TASK DIRECTIONS:
If a line in the entries below includes "induction", pick it out and copy it.

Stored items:
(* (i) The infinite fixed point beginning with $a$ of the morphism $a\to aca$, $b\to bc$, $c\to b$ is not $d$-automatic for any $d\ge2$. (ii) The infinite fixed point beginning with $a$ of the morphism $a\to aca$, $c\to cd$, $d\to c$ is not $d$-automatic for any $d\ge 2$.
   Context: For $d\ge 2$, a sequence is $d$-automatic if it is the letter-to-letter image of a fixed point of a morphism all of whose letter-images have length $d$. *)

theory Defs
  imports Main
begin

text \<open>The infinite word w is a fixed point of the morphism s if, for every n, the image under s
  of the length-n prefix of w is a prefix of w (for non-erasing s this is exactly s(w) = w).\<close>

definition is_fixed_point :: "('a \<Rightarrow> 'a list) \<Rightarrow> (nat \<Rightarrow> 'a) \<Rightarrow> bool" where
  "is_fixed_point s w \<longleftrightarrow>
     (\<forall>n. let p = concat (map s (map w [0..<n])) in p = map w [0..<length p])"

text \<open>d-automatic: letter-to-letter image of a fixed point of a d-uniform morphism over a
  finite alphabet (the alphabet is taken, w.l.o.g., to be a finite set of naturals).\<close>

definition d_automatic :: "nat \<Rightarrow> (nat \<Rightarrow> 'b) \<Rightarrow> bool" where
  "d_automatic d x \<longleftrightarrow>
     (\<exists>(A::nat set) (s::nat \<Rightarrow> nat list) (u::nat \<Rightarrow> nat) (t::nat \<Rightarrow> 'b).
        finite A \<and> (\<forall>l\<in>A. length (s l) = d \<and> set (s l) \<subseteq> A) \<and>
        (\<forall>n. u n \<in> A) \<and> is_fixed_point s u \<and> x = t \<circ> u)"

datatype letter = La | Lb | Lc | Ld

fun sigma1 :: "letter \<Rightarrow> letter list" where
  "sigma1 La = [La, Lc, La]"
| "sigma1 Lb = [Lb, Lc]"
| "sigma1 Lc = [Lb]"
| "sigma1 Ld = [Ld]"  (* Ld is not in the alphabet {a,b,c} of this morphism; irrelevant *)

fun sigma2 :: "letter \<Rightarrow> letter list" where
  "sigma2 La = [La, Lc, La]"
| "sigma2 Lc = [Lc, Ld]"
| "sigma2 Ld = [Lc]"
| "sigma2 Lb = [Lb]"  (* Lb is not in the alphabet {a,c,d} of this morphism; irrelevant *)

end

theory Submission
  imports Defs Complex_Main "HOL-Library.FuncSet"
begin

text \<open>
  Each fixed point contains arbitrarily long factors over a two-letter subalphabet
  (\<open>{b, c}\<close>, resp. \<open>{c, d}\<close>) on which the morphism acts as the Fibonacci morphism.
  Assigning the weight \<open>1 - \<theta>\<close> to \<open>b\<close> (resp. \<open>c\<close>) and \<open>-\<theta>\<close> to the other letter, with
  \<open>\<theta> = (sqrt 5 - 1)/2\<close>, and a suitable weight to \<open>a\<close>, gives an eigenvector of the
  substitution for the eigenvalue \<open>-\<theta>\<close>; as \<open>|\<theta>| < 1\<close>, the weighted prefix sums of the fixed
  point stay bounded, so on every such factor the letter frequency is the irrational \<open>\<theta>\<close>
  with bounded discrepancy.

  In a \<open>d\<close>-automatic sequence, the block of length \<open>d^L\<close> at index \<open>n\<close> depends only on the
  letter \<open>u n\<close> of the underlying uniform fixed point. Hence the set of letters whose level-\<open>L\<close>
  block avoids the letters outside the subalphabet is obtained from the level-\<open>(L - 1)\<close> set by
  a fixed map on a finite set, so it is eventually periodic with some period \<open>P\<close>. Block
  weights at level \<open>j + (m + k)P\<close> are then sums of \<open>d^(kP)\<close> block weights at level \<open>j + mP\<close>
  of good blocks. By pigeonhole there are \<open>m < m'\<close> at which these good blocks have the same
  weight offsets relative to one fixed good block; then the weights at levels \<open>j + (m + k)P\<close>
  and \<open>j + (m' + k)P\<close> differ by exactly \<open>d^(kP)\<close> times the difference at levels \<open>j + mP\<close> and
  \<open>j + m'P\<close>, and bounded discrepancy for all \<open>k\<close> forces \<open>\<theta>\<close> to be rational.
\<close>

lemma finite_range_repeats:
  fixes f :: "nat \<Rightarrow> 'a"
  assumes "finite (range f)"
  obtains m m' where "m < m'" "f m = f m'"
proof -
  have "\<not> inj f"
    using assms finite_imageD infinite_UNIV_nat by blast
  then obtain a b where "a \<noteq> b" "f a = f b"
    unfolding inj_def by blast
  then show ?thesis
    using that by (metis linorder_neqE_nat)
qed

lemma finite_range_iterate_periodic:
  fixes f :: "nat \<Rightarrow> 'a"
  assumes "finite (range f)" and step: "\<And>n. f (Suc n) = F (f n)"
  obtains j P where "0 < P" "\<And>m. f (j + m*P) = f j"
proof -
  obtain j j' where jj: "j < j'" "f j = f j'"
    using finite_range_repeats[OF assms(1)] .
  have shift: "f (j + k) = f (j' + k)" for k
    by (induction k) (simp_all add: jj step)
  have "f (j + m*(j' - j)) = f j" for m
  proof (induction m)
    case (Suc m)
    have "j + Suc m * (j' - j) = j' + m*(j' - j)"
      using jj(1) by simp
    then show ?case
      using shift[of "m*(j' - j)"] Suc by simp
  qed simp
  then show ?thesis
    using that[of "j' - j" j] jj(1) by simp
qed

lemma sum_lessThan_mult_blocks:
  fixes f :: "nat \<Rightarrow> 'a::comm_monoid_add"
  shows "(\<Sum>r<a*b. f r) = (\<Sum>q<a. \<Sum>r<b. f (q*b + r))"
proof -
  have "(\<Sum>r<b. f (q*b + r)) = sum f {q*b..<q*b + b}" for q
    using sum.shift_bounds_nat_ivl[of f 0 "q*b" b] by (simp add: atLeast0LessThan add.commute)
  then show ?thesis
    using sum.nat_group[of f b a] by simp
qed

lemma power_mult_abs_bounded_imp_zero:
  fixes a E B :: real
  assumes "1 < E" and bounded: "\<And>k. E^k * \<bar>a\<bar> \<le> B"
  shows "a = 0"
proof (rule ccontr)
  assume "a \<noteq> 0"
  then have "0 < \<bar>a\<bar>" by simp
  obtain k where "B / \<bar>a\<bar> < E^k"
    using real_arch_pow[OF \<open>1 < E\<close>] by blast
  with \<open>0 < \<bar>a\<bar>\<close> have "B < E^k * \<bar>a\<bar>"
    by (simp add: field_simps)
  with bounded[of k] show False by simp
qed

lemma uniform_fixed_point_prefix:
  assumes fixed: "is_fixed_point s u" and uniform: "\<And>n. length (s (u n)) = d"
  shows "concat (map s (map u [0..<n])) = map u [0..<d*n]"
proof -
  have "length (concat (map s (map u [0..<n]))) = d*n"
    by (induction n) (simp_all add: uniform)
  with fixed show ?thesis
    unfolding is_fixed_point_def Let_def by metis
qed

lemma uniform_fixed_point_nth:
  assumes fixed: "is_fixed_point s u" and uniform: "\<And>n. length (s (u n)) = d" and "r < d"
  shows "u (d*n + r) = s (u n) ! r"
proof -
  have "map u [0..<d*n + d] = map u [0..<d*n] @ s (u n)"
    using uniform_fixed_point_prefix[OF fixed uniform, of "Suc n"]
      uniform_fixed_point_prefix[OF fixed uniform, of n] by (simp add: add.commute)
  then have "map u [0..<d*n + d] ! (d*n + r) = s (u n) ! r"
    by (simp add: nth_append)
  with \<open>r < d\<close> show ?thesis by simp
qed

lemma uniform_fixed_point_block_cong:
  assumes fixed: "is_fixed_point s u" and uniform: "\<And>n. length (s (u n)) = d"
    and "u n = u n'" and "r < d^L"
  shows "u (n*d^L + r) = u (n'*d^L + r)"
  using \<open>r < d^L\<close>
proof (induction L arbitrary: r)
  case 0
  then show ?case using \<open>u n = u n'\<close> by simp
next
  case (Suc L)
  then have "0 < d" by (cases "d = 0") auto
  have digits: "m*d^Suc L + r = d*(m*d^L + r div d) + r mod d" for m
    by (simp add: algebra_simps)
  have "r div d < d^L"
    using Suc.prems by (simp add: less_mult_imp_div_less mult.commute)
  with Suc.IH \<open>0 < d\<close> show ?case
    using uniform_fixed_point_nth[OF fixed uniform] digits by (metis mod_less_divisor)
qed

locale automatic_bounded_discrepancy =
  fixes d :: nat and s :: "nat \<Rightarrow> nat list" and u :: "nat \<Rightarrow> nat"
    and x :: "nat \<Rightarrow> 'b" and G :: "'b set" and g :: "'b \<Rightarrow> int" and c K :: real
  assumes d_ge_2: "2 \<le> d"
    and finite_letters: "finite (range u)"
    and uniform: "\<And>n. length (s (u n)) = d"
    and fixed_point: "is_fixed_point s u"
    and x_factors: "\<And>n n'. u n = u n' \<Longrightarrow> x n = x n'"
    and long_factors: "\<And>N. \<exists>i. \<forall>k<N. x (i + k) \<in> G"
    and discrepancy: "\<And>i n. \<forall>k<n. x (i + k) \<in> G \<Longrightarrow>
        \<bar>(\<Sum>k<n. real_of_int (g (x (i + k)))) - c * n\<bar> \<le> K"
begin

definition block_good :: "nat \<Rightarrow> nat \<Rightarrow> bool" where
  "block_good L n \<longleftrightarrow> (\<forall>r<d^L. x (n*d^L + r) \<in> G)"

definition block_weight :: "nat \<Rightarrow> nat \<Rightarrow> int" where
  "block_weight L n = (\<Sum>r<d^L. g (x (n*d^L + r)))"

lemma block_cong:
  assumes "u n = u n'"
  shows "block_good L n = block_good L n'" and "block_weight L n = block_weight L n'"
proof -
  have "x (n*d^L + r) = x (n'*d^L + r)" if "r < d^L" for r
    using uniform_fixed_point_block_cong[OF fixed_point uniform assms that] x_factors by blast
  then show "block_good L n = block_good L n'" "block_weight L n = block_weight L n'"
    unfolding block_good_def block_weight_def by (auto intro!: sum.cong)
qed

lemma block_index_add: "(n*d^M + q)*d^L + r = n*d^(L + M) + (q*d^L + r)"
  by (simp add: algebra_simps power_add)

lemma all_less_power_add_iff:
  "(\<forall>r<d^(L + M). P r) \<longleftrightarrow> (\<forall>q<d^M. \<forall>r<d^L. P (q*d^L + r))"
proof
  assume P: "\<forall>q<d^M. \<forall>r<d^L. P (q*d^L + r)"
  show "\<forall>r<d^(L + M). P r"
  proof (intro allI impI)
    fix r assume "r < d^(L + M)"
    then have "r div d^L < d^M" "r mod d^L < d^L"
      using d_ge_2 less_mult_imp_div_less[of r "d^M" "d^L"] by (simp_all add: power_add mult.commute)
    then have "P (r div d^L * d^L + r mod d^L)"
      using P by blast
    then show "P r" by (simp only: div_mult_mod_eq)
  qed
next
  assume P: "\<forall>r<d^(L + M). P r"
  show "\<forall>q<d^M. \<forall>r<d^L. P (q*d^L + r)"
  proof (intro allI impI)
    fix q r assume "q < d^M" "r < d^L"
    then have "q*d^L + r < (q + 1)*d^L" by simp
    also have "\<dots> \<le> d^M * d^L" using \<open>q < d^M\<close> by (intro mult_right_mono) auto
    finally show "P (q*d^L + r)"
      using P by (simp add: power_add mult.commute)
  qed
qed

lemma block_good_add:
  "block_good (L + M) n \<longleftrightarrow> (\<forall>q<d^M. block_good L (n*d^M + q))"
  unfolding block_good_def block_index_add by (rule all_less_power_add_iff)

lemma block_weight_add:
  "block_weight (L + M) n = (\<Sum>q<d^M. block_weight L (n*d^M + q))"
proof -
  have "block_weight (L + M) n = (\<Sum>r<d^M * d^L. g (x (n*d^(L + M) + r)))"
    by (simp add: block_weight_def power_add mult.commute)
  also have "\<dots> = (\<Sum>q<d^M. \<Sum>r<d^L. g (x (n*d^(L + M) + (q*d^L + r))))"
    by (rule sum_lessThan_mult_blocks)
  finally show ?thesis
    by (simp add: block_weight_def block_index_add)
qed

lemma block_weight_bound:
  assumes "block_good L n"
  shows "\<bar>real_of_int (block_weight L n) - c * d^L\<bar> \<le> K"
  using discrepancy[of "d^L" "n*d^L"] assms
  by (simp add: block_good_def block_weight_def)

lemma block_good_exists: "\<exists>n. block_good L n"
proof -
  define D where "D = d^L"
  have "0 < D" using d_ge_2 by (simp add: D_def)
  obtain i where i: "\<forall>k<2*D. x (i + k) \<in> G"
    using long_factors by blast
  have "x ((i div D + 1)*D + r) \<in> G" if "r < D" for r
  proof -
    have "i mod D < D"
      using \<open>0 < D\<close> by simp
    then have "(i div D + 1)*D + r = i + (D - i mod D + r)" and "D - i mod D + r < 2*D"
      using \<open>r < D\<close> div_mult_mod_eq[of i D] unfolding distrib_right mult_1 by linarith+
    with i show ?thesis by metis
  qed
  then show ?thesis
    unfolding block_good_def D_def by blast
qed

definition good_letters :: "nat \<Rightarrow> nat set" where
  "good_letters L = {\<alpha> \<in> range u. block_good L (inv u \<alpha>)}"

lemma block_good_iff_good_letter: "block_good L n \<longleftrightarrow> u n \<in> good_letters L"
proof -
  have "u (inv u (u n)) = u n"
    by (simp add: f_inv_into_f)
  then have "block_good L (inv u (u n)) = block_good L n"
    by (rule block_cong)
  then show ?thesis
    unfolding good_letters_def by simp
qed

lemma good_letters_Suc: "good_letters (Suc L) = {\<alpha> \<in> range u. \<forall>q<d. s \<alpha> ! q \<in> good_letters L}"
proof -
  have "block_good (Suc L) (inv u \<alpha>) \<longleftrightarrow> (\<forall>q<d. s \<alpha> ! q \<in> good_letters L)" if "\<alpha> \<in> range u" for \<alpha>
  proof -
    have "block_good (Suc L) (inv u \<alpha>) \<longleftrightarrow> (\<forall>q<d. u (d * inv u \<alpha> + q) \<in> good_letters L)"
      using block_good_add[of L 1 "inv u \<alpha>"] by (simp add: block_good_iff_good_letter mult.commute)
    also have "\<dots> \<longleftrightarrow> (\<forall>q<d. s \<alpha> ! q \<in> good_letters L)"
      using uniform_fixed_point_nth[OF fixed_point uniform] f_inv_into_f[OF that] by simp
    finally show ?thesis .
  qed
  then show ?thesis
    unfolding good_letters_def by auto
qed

ANSWER SECTION:
    by (induction k) (simp_all add: jj step)
  proof (induction m)
    by (induction n) (simp_all add: uniform)
proof (induction L arbitrary: r)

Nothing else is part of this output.